DATA SUPPLIED:

lemma point_eval_restr_le:
  assumes "compact K" "t > 0"
    and \<mu>: "finite_measure \<mu>" "sets \<mu> = sets borel" "AE w in \<mu>. w \<in> K"
    and E: "E \<in> sets borel"
    and vanishing: "\<And>f. f \<in> Lt \<mu> t \<Longrightarrow> \<forall>w\<in>E. f w = 0 \<Longrightarrow> f \<in> Rt K \<mu> t"
    and z: "z \<in> K" "measure \<mu> {z} = 0"
    and M: "M \<ge> 0" "\<forall>u\<in>Rat K. cmod (u z) \<le> M * Lt_norm \<mu> t u"
    and r: "r \<in> Rat K"
  shows "cmod (r z) \<le> 2 * M * Lt_norm (restr \<mu> E) t r"
proof -
  have meas: "\<And>N. measurable \<mu> N = measurable borel N"
    using measurable_cong_sets[OF \<mu>(2) refl] .
  define a where "a = (\<integral>w. indicator E w * cmod (r w) powr t \<partial>\<mu>)"
  have "a \<ge> 0"
    unfolding a_def by simp
  have bound: "cmod (r z) \<le> 2 * M * (a + \<theta>) powr (1 / t)" if \<theta>: "\<theta> > 0" for \<theta>
  proof -
    obtain u where u: "u \<in> Rat K" "u z = r z"
      "(\<integral>w. cmod (u w) powr t \<partial>\<mu>) \<le> 2 powr t * (a + \<theta>)"
      using Rat_localize[OF assms(1-7) z r \<theta>] unfolding a_def by blast
    have "cmod (r z) \<le> M * Lt_norm \<mu> t u"
      using M(2) u(1,2) by auto
    also have "\<dots> \<le> M * (2 powr t * (a + \<theta>)) powr (1 / t)"
      using u(3) Rat_measurable[OF u(1)] assms(2) M(1)
      by (auto simp: Lt_norm_eq_integral meas intro!: mult_left_mono powr_mono2)
    also have "\<dots> = 2 * M * (a + \<theta>) powr (1 / t)"
      using assms(2) \<open>a \<ge> 0\<close> \<theta> by (simp add: powr_mult powr_powr)
    finally show ?thesis .
  qed
  have "((\<lambda>\<theta>. 2 * M * (a + \<theta>) powr (1 / t)) \<longlongrightarrow> 2 * M * (a + 0) powr (1 / t)) (at_right 0)"
    using assms(2) \<open>a \<ge> 0\<close>
    by (intro tendsto_intros) (auto simp: eventually_at_right_less eventually_at_filter)
  then have "cmod (r z) \<le> 2 * M * a powr (1 / t)"
    using bound by (intro tendsto_lowerbound) (auto simp: eventually_at_filter)
  also have "a powr (1 / t) = Lt_norm (restr \<mu> E) t r"
    using E Rat_measurable[OF r] unfolding a_def by (simp add: Lt_norm_restr meas \<mu>(2))
  finally show ?thesis .
qed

BRIEF: Within the listing above, locate the line containing "(r z) \<le> M" and the line containing "t) = Lt_norm". Reproduce those two lines and all lines between them exactly, with nothing added.

REPLY TO THE TASK:
    have "cmod (r z) \<le> M * Lt_norm \<mu> t u"
      using M(2) u(1,2) by auto
    also have "\<dots> \<le> M * (2 powr t * (a + \<theta>)) powr (1 / t)"
      using u(3) Rat_measurable[OF u(1)] assms(2) M(1)
      by (auto simp: Lt_norm_eq_integral meas intro!: mult_left_mono powr_mono2)
    also have "\<dots> = 2 * M * (a + \<theta>) powr (1 / t)"
      using assms(2) \<open>a \<ge> 0\<close> \<theta> by (simp add: powr_mult powr_powr)
    finally show ?thesis .
  qed
  have "((\<lambda>\<theta>. 2 * M * (a + \<theta>) powr (1 / t)) \<longlongrightarrow> 2 * M * (a + 0) powr (1 / t)) (at_right 0)"
    using assms(2) \<open>a \<ge> 0\<close>
    by (intro tendsto_intros) (auto simp: eventually_at_right_less eventually_at_filter)
  then have "cmod (r z) \<le> 2 * M * a powr (1 / t)"
    using bound by (intro tendsto_lowerbound) (auto simp: eventually_at_filter)
  also have "a powr (1 / t) = Lt_norm (restr \<mu> E) t r"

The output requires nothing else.